How do you feel about being within a group of people? Do you feel the urge to retreat into your mind and be separate from others or do you prefer tagging along with the team?


----------



## Little Egg (Dec 26, 2010)

Karkino said:


> How do you feel about being within a group of people? Do you feel the urge to retreat into your mind and be separate from others or do you prefer tagging along with the team?


I'm engaged with the group. I do my best to follow along with the conversation. I rarely lose interest but it does happen, usually because the conversation becomes boring to me. When that happens I will eventually bring myself back to the conversation. I've never timed the duration of my inattentiveness but I don't think it would even last 5 mins, maybe 1-2 mins? I have never felt urges of any kind to retreat into my mind. At the end of the gathering I will sometimes continue the conversation with one of the members if my Ne was stimulated enough (Ne Fi Te Si). It's pretty much guaranteed that my Ne will be stimulated most of the time! I'm usually reluctant to return home at the end of the evening and I feel super energized.


----------



## Karkino (May 25, 2017)

Little Egg said:


> I'm engaged with the group. I do my best to follow along with the conversation. I rarely lose interest but it does happen, usually because the conversation becomes boring to me. When that happens I will eventually bring myself back to the conversation. I've never timed the duration of my inattentiveness but I don't think it would even last 5 mins, maybe 1-2 mins? I have never felt urges of any kind to retreat into my mind. At the end of the gathering I will sometimes continue the conversation with one of the members if my Ne was stimulated enough (Ne Fi Te Si). It's pretty much guaranteed that my Ne will be stimulated most of the time! I'm usually reluctant to return home at the end of the evening and I feel super energized.


I was just curious about your FIVE preference since the 459 tritype isn't too common for an ENFP to my knowledge. As an INFP, I always default to spacing out and retreat into my mind any time I can, especially in groups.


----------



## Little Egg (Dec 26, 2010)

Karkino said:


> I was just curious about your FIVE preference since the 459 tritype isn't too common for an ENFP to my knowledge. As an INFP, I always default to spacing out and retreat into my mind any time I can, especially in groups.


Yes, I've heard that from a few people, that ENFP 4s are uncommon. Apparently, this is not turning out to be the case just from data compiled from the PerC community members.
[ENFP] - Official ENFP Enneagram List
We aren't large in number but we aren't as rare as some people think. There was another study I saw that showed the same. I forget where I saw that chart.

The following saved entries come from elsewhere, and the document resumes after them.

(* Let $(M,d)$ be a compact metric space and $\varphi:M\to M$ continuous with $h_{\rm Top}(\varphi)<\infty$ and $\mathbb Q\mapsto h_\varphi(\mathbb Q)$ upper semicontinuous on $\mathcal P_\varphi(M)$. Let $\mathbb P\in\mathcal P(M)$ be a weak Gibbs measure for $\mathcal G\in\mathcal A(M)$. Then for every $\mathcal G'=\{G_n'\}\in\mathcal A(M)$, $$\lim_{n\to\infty}\frac1n\log\int_Me^{G_n'}\,d\mathbb P=\mathfrak p_\varphi(\mathcal G+\mathcal G')-\mathfrak p_\varphi(\mathcal G).$$
   Context: $C(M),B(M)$: continuous/bounded Borel real functions, sup norm; $\mathcal P_\varphi(M)$ invariant Borel probability measures; $h_\varphi$ Kolmogorov–Sinai entropy, $h_{\rm Top}$ topological entropy; $S_nG=\sum_{k<n}G\circ\varphi^k$; $B_n(x,\epsilon)=\{y:d(\varphi^ky,\varphi^kx)<\epsilon,0\le k<n\}$. $\mathcal A(M)$: $\{G_n\}\subset B(M)$ such that some $\{G^{(k)}\}\subset C(M)$ has $\lim_k\limsup_nn^{-1}\|G_n-S_nG^{(k)}\|_\infty=0$; sums termwise. Pressure $\mathfrak p_\varphi(\mathcal G)=\lim_{\epsilon\downarrow0}\limsup_nn^{-1}\log\inf\{\sum_{x\in E}e^{G_n(x)}:E\text{ finite},\bigcup_{x\in E}B_n(x,\epsilon)=M\}$. Weak Gibbs for $\mathcal G$: for every $n\ge1,\epsilon>0$ there is $K_n(\epsilon)\ge1$ with $K_n(\epsilon)^{-1}e^{G_n(x)-n\mathfrak p_\varphi(\mathcal G)}\le\mathbb P(B_n(x,\epsilon))\le K_n(\epsilon)e^{G_n(x)-n\mathfrak p_\varphi(\mathcal G)}$ for every $x\in M$, and $\lim_{\epsilon\downarrow0}\limsup_nn^{-1}\log K_n(\epsilon)=0$. *)

theory Defs
  imports "HOL-Probability.Probability"
begin

text \<open>The compact metric space M is the whole (compact) type 'a; the map is phi.\<close>

definition bowen_ball :: "('a::metric_space \<Rightarrow> 'a) \<Rightarrow> nat \<Rightarrow> 'a \<Rightarrow> real \<Rightarrow> 'a set" where
  "bowen_ball phi n x eps = {y. \<forall>k<n. dist ((phi ^^ k) y) ((phi ^^ k) x) < eps}"

definition birkhoff_sum :: "('a \<Rightarrow> 'a) \<Rightarrow> ('a \<Rightarrow> real) \<Rightarrow> nat \<Rightarrow> 'a \<Rightarrow> real" where
  "birkhoff_sum phi G n x = (\<Sum>k<n. G ((phi ^^ k) x))"

definition sup_norm :: "('a \<Rightarrow> real) \<Rightarrow> real" where
  "sup_norm f = (SUP x. \<bar>f x\<bar>)"

definition bounded_borel :: "('a::metric_space \<Rightarrow> real) \<Rightarrow> bool" where
  "bounded_borel f \<longleftrightarrow> f \<in> borel_measurable borel \<and> bounded (range f)"

definition class_A :: "('a::metric_space \<Rightarrow> 'a) \<Rightarrow> (nat \<Rightarrow> 'a \<Rightarrow> real) \<Rightarrow> bool" where
  "class_A phi Gs \<longleftrightarrow> (\<forall>n. bounded_borel (Gs n)) \<and>
     (\<exists>Gk :: nat \<Rightarrow> 'a \<Rightarrow> real. (\<forall>k. continuous_on UNIV (Gk k)) \<and>
        ((\<lambda>k. limsup (\<lambda>n. ereal (sup_norm (\<lambda>x. Gs n x - birkhoff_sum phi (Gk k) n x) / real n)))
          \<longlonglongrightarrow> 0))"

definition bowen_covers :: "('a::metric_space \<Rightarrow> 'a) \<Rightarrow> nat \<Rightarrow> real \<Rightarrow> 'a set set" where
  "bowen_covers phi n eps = {E. finite E \<and> (\<Union>x\<in>E. bowen_ball phi n x eps) = UNIV}"

definition pressure :: "('a::metric_space \<Rightarrow> 'a) \<Rightarrow> (nat \<Rightarrow> 'a \<Rightarrow> real) \<Rightarrow> ereal" where
  "pressure phi Gs = Lim (at_right 0) (\<lambda>eps::real.
      limsup (\<lambda>n. ereal (ln (Inf {\<Sum>x\<in>E. exp (Gs n x) | E. E \<in> bowen_covers phi n eps}) / real n)))"

definition top_entropy :: "('a::metric_space \<Rightarrow> 'a) \<Rightarrow> ereal" where
  "top_entropy phi = Lim (at_right 0) (\<lambda>eps::real.
      limsup (\<lambda>n. ereal (ln (real (Inf {card E | E. E \<in> bowen_covers phi n eps})) / real n)))"

definition borel_prob :: "'a::metric_space measure \<Rightarrow> bool" where
  "borel_prob Q \<longleftrightarrow> prob_space Q \<and> sets Q = sets borel"

definition invariant_prob :: "('a::metric_space \<Rightarrow> 'a) \<Rightarrow> 'a measure \<Rightarrow> bool" where
  "invariant_prob phi Q \<longleftrightarrow> borel_prob Q \<and> phi \<in> measurable Q Q \<and> distr Q Q phi = Q"

text \<open>A finite measurable partition is encoded by a measurable
  labelling xi with finite range (cells are the fibres); the join of
  xi, xi o phi, ..., xi o phi^(n-1) is encoded by the list of labels.\<close>
definition partition_entropy :: "'a measure \<Rightarrow> ('a \<Rightarrow> 'b) \<Rightarrow> real" where
  "partition_entropy Q f = - (\<Sum>w\<in>range f. measure Q (f -` {w}) * ln (measure Q (f -` {w})))"

definition join_labels :: "('a \<Rightarrow> 'a) \<Rightarrow> ('a \<Rightarrow> nat) \<Rightarrow> nat \<Rightarrow> 'a \<Rightarrow> nat list" where
  "join_labels phi xi n x = map (\<lambda>k. xi ((phi ^^ k) x)) [0..<n]"

definition ks_entropy :: "('a::metric_space \<Rightarrow> 'a) \<Rightarrow> 'a measure \<Rightarrow> ereal" where
  "ks_entropy phi Q = (SUP xi \<in> {xi :: 'a \<Rightarrow> nat. xi \<in> measurable borel (count_space UNIV) \<and> finite (range xi)}.
      ereal (lim (\<lambda>n. partition_entropy Q (join_labels phi xi n) / real n)))"

text \<open>Weak convergence of Borel probability measures and upper semicontinuity of the
  entropy map on the invariant measures (M compact metric, so the weak topology on P(M)
  is metrizable and sequential upper semicontinuity is upper semicontinuity).\<close>
definition weak_conv :: "(nat \<Rightarrow> 'a::metric_space measure) \<Rightarrow> 'a measure \<Rightarrow> bool" where
  "weak_conv Qs Q \<longleftrightarrow> (\<forall>f :: 'a \<Rightarrow> real. continuous_on UNIV f \<and> bounded (range f) \<longrightarrow>
      (\<lambda>k. integral\<^sup>L (Qs k) f) \<longlonglongrightarrow> integral\<^sup>L Q f)"

definition entropy_usc :: "('a::metric_space \<Rightarrow> 'a) \<Rightarrow> bool" where
  "entropy_usc phi \<longleftrightarrow> (\<forall>Qs Q. (\<forall>k. invariant_prob phi (Qs k)) \<and> invariant_prob phi Q \<and> weak_conv Qs Q
      \<longrightarrow> limsup (\<lambda>k. ks_entropy phi (Qs k)) \<le> ks_entropy phi Q)"

text \<open>Weak Gibbs measure for Gs (pressure required to be a real number, as the definition
  uses n times the pressure).\<close>
definition weak_gibbs :: "('a::metric_space \<Rightarrow> 'a) \<Rightarrow> (nat \<Rightarrow> 'a \<Rightarrow> real) \<Rightarrow> 'a measure \<Rightarrow> bool" where
  "weak_gibbs phi Gs P \<longleftrightarrow> borel_prob P \<and> \<bar>pressure phi Gs\<bar> \<noteq> \<infinity> \<and>
     (\<exists>K :: nat \<Rightarrow> real \<Rightarrow> real.
        (\<forall>n\<ge>1. \<forall>eps>0. K n eps \<ge> 1 \<and>
           (\<forall>x. exp (Gs n x - real n * real_of_ereal (pressure phi Gs)) / K n eps
                  \<le> measure P (bowen_ball phi n x eps)
              \<and> measure P (bowen_ball phi n x eps)
                  \<le> K n eps * exp (Gs n x - real n * real_of_ereal (pressure phi Gs)))) \<and>
        ((\<lambda>eps. limsup (\<lambda>n. ereal (ln (K n eps) / real n))) \<longlongrightarrow> 0) (at_right 0))"

end

theory Submission
  imports Defs
begin

text \<open>
By the weak Gibbs property a Bowen ball \<open>B\<^sub>n(x,\<epsilon>)\<close> has measure \<open>exp (G\<^sub>n x - n p)\<close> up to a
factor \<open>K\<^sub>n(\<epsilon>) = exp (o(n))\<close>, where \<open>p\<close> is the pressure of \<open>G\<close>, and an asymptotically
additive \<open>G'\<^sub>n\<close> varies only by \<open>o(n)\<close> across a Bowen ball of small radius. Covering \<open>M\<close> by an
optimal \<open>(n,\<epsilon>)\<close>-cover (upper bound) or by the balls of half radius around a maximal separated set
(lower bound) therefore shows that \<open>\<integral> exp G'\<^sub>n dP\<close> agrees, up to \<open>exp (o(n))\<close>, with \<open>exp (-n p)\<close>
times the minimal cover sum of \<open>exp (G\<^sub>n + G'\<^sub>n)\<close>. Concatenating covers makes the cover sums almost
submultiplicative; this transfers to the integrals and shows, Fekete-style, that
\<open>(1/n) log \<integral> exp G'\<^sub>n dP\<close> converges, and the comparison identifies the limit as
\<open>p(G + G') - p(G)\<close>.
\<close>

section \<open>Elementary limits\<close>

lemma tendsto_of_eventually_le_plus:
  fixes c :: "nat \<Rightarrow> real"
  assumes bounded: "eventually (\<lambda>n. \<bar>c n\<bar> \<le> C) sequentially"
    and almost_decreasing:
      "\<And>\<delta>. \<delta> > 0 \<Longrightarrow> \<exists>N. \<forall>m\<ge>N. eventually (\<lambda>n. c n \<le> c m + \<delta>) sequentially"
  obtains L where "c \<longlonglongrightarrow> L"
proof -
  define lsup where "lsup = limsup (\<lambda>n. ereal (c n))"
  have "lsup \<le> ereal C"
    unfolding lsup_def
    by (rule Limsup_bounded) (use bounded in \<open>auto elim!: eventually_mono simp: abs_le_iff\<close>)
  moreover have "ereal (-C) \<le> lsup"
    unfolding lsup_def
    by (rule le_Limsup) (use bounded in \<open>auto elim!: eventually_mono simp: abs_le_iff\<close>)
  ultimately obtain L where L: "lsup = ereal L" by (cases lsup) auto
  have liminf: "ereal L \<le> liminf (\<lambda>n. ereal (c n))"
  proof (rule ereal_le_epsilon2)
    fix \<delta> :: real assume d: "0 < \<delta>"
    obtain N where N: "\<forall>m\<ge>N. eventually (\<lambda>n. c n \<le> c m + \<delta>) sequentially"
      using almost_decreasing[OF d] by blast
    have "ereal (L - \<delta>) \<le> ereal (c m)" if "m \<ge> N" for m
    proof -
      have "eventually (\<lambda>n. ereal (c n) \<le> ereal (c m + \<delta>)) sequentially"
        using N that by (auto elim: eventually_mono)
      then have "lsup \<le> ereal (c m + \<delta>)" unfolding lsup_def by (rule Limsup_bounded)
      then show ?thesis using L by simp
    qed
    then have "ereal (L - \<delta>) \<le> liminf (\<lambda>n. ereal (c n))"
      by (intro Liminf_bounded) (auto simp: eventually_sequentially)
    then show "ereal L \<le> liminf (\<lambda>n. ereal (c n)) + ereal \<delta>"
      by (cases "liminf (\<lambda>n. ereal (c n))") auto
  qed
  have "(\<lambda>n. ereal (c n)) \<longlonglongrightarrow> ereal L"
  proof (rule Liminf_eq_Limsup)
    show "liminf (\<lambda>n. ereal (c n)) = ereal L"
      using liminf Liminf_le_Limsup[of sequentially "\<lambda>n. ereal (c n)"] L lsup_def by simp
  qed (use L lsup_def in auto)
  then have "c \<longlonglongrightarrow> L" by simp
  then show ?thesis by (rule that)
qed

lemma tendsto_ereal_of_eventually_near:
  fixes f :: "'b \<Rightarrow> ereal"
  assumes near: "\<And>\<delta>. \<delta> > 0 \<Longrightarrow> eventually (\<lambda>x. ereal (a - \<delta>) \<le> f x \<and> f x \<le> ereal (a + \<delta>)) F"
  shows "(f \<longlongrightarrow> ereal a) F"
proof (rule order_tendstoI)
  fix b assume "ereal a < b"
  then obtain r where r: "ereal a < ereal r" "ereal r < b" using ereal_dense2 by blast
  have "(r - a) / 2 > 0" using r(1) by simp
  then show "eventually (\<lambda>x. f x < b) F"
  proof (rule eventually_mono[OF near])
    fix x assume "ereal (a - (r - a) / 2) \<le> f x \<and> f x \<le> ereal (a + (r - a) / 2)"
    then have "f x \<le> ereal (a + (r - a) / 2)" by simp
    also have "\<dots> < ereal r" using r(1) by (simp add: field_simps)
    finally show "f x < b" using r(2) by simp
  qed
next
  fix b assume "b < ereal a"
  then obtain r where r: "b < ereal r" "ereal r < ereal a" using ereal_dense2 by blast
  have "(a - r) / 2 > 0" using r(2) by simp
  then show "eventually (\<lambda>x. b < f x) F"
  proof (rule eventually_mono[OF near])
    fix x assume x: "ereal (a - (a - r) / 2) \<le> f x \<and> f x \<le> ereal (a + (a - r) / 2)"
    have "ereal r < ereal (a - (a - r) / 2)" using r(2) by (simp add: field_simps)
    also have "\<dots> \<le> f x" using x by simp
    finally show "b < f x" using r(1) by simp
  qed
qed

lemma Lim_at_right_limsup_eq:
  fixes c :: "nat \<Rightarrow> real" and z :: "real \<Rightarrow> nat \<Rightarrow> real"
  assumes lim: "c \<longlonglongrightarrow> L"
    and close: "\<And>\<delta>. \<delta> > 0 \<Longrightarrow> \<exists>e0>0. \<forall>e. 0 < e \<and> e < e0 \<longrightarrow>
        eventually (\<lambda>n. \<bar>c n + p - z e n\<bar> \<le> \<delta>) sequentially"
  shows "Lim (at_right 0) (\<lambda>e. limsup (\<lambda>n. ereal (z e n))) = ereal (L + p)"
proof -
  have "((\<lambda>e. limsup (\<lambda>n. ereal (z e n))) \<longlongrightarrow> ereal (L + p)) (at_right 0)"
  proof (rule tendsto_ereal_of_eventually_near)
    fix \<delta> :: real assume "\<delta> > 0"
    define \<eta> where "\<eta> = \<delta>/2"
    have \<eta>: "\<eta> > 0" "\<delta> = 2 * \<eta>" using \<open>\<delta> > 0\<close> by (simp_all add: \<eta>_def)
    obtain e0 where e0: "e0 > 0"
      "\<forall>e. 0 < e \<and> e < e0 \<longrightarrow> eventually (\<lambda>n. \<bar>c n + p - z e n\<bar> \<le> \<eta>) sequentially"
      using close[OF \<eta>(1)] by blast
    have cL: "eventually (\<lambda>n. \<bar>c n - L\<bar> < \<eta>) sequentially"
      using lim \<eta>(1) unfolding tendsto_iff dist_real_def by blast
    have "eventually (\<lambda>e. 0 < e \<and> e < e0) (at_right 0)"
      using eventually_at_right_real[OF e0(1)] by (rule eventually_mono) simp
    then show "eventually (\<lambda>e. ereal (L + p - \<delta>) \<le> limsup (\<lambda>n. ereal (z e n))
        \<and> limsup (\<lambda>n. ereal (z e n)) \<le> ereal (L + p + \<delta>)) (at_right 0)"
    proof (rule eventually_mono)
      fix e assume "0 < e \<and> e < e0"
      then have ev: "eventually (\<lambda>n. \<bar>c n + p - z e n\<bar> \<le> \<eta> \<and> \<bar>c n - L\<bar> < \<eta>) sequentially"
        using e0 cL eventually_conj by blast
      have "limsup (\<lambda>n. ereal (z e n)) \<le> ereal (L + p + 2 * \<eta>)"
        by (rule Limsup_bounded) (use ev in \<open>auto elim!: eventually_mono\<close>)
      moreover have "ereal (L + p - 2 * \<eta>) \<le> limsup (\<lambda>n. ereal (z e n))"
        by (rule le_Limsup) (use ev in \<open>auto elim!: eventually_mono\<close>)
      ultimately show "ereal (L + p - \<delta>) \<le> limsup (\<lambda>n. ereal (z e n))
          \<and> limsup (\<lambda>n. ereal (z e n)) \<le> ereal (L + p + \<delta>)" using \<eta>(2) by simp
    qed
  qed
  then show ?thesis by (rule tendsto_Lim[rotated]) simp
qed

I want to make a correction. I *have* felt a strong recurring conflict that pulls me in two opposing directions throughout my life. It was after I read this thread that got me to think:
The Contemplative 459/549/945 tri type: What do you guys...
To sum it up; Getting lost in thinking too much (inactivity) vs. the need/ obsession to creating a life of significance (activity). Perhaps I will discover another conflict as I learn more in the future.

Socially, I do appear to be more reserved and aloof than most ENFPs. Sometimes I will blurt out my thoughts and feel totally comfortable with it. Many times I will catch a look of surprise from the person(s) I am talking to as if they didn't notice my presence (I think this happens mostly with introverted folks). 

The FIVE influences me with what I do with my free time. I admit I spend a huge amount of time learning. The topics are wide and varied as ENFPs have many interests. But I also favor topics that are of interest to 4s such as self-improvement. Self-improvement is the wider general category. Under this category I have delved into mindfulness, weight training, the ketogenic diet, psychology, minimalism, a bit of neuroscience, you get the picture. Because I have so many interests, I don't think I am an expert in any one topic (very ENFP). I think I can appear to lose track of time from an observer. I think I am aware of the time as I do check it (I think I'm very much aware of my surroundings since my attention is focused outwards). I just always choose to continue with my reading than to change the activity. That's not to say, I spend all my free time learning. I will change it up. I also get urges to be social. I don't feel like me if I haven't socialized for longer than a day. I have to be strict with myself to go to bed at the same time. I can easily stay up late reading if I don't monitor this (it feeds both my Ne and the FIVE).

I also relate to the FIVE's fear and motivation. It ties in with my feelings of anxiety with job interviews and beginning a new job.


----------



## Karkino (May 25, 2017)

Little Egg said:


> Yes, I've heard that from a few people, that ENFP 4s are uncommon. Apparently, this is not turning out to be the case just from data compiled from the PerC community members.
> [ENFP] - Official ENFP Enneagram List
> We aren't large in number but we aren't as rare as some people think. There was another study I saw that showed the same. I forget where I saw that chart.
> 
> ...



How do you feel about intrusion and privacy? Do you tend to be easily annoyed when someone lets itself in without you being notified? Do you tend to easily feel overwhelmed by external stimuli and feel as if you need to recharge and unwind for a prolonged period of time after being outside of your comfort zone?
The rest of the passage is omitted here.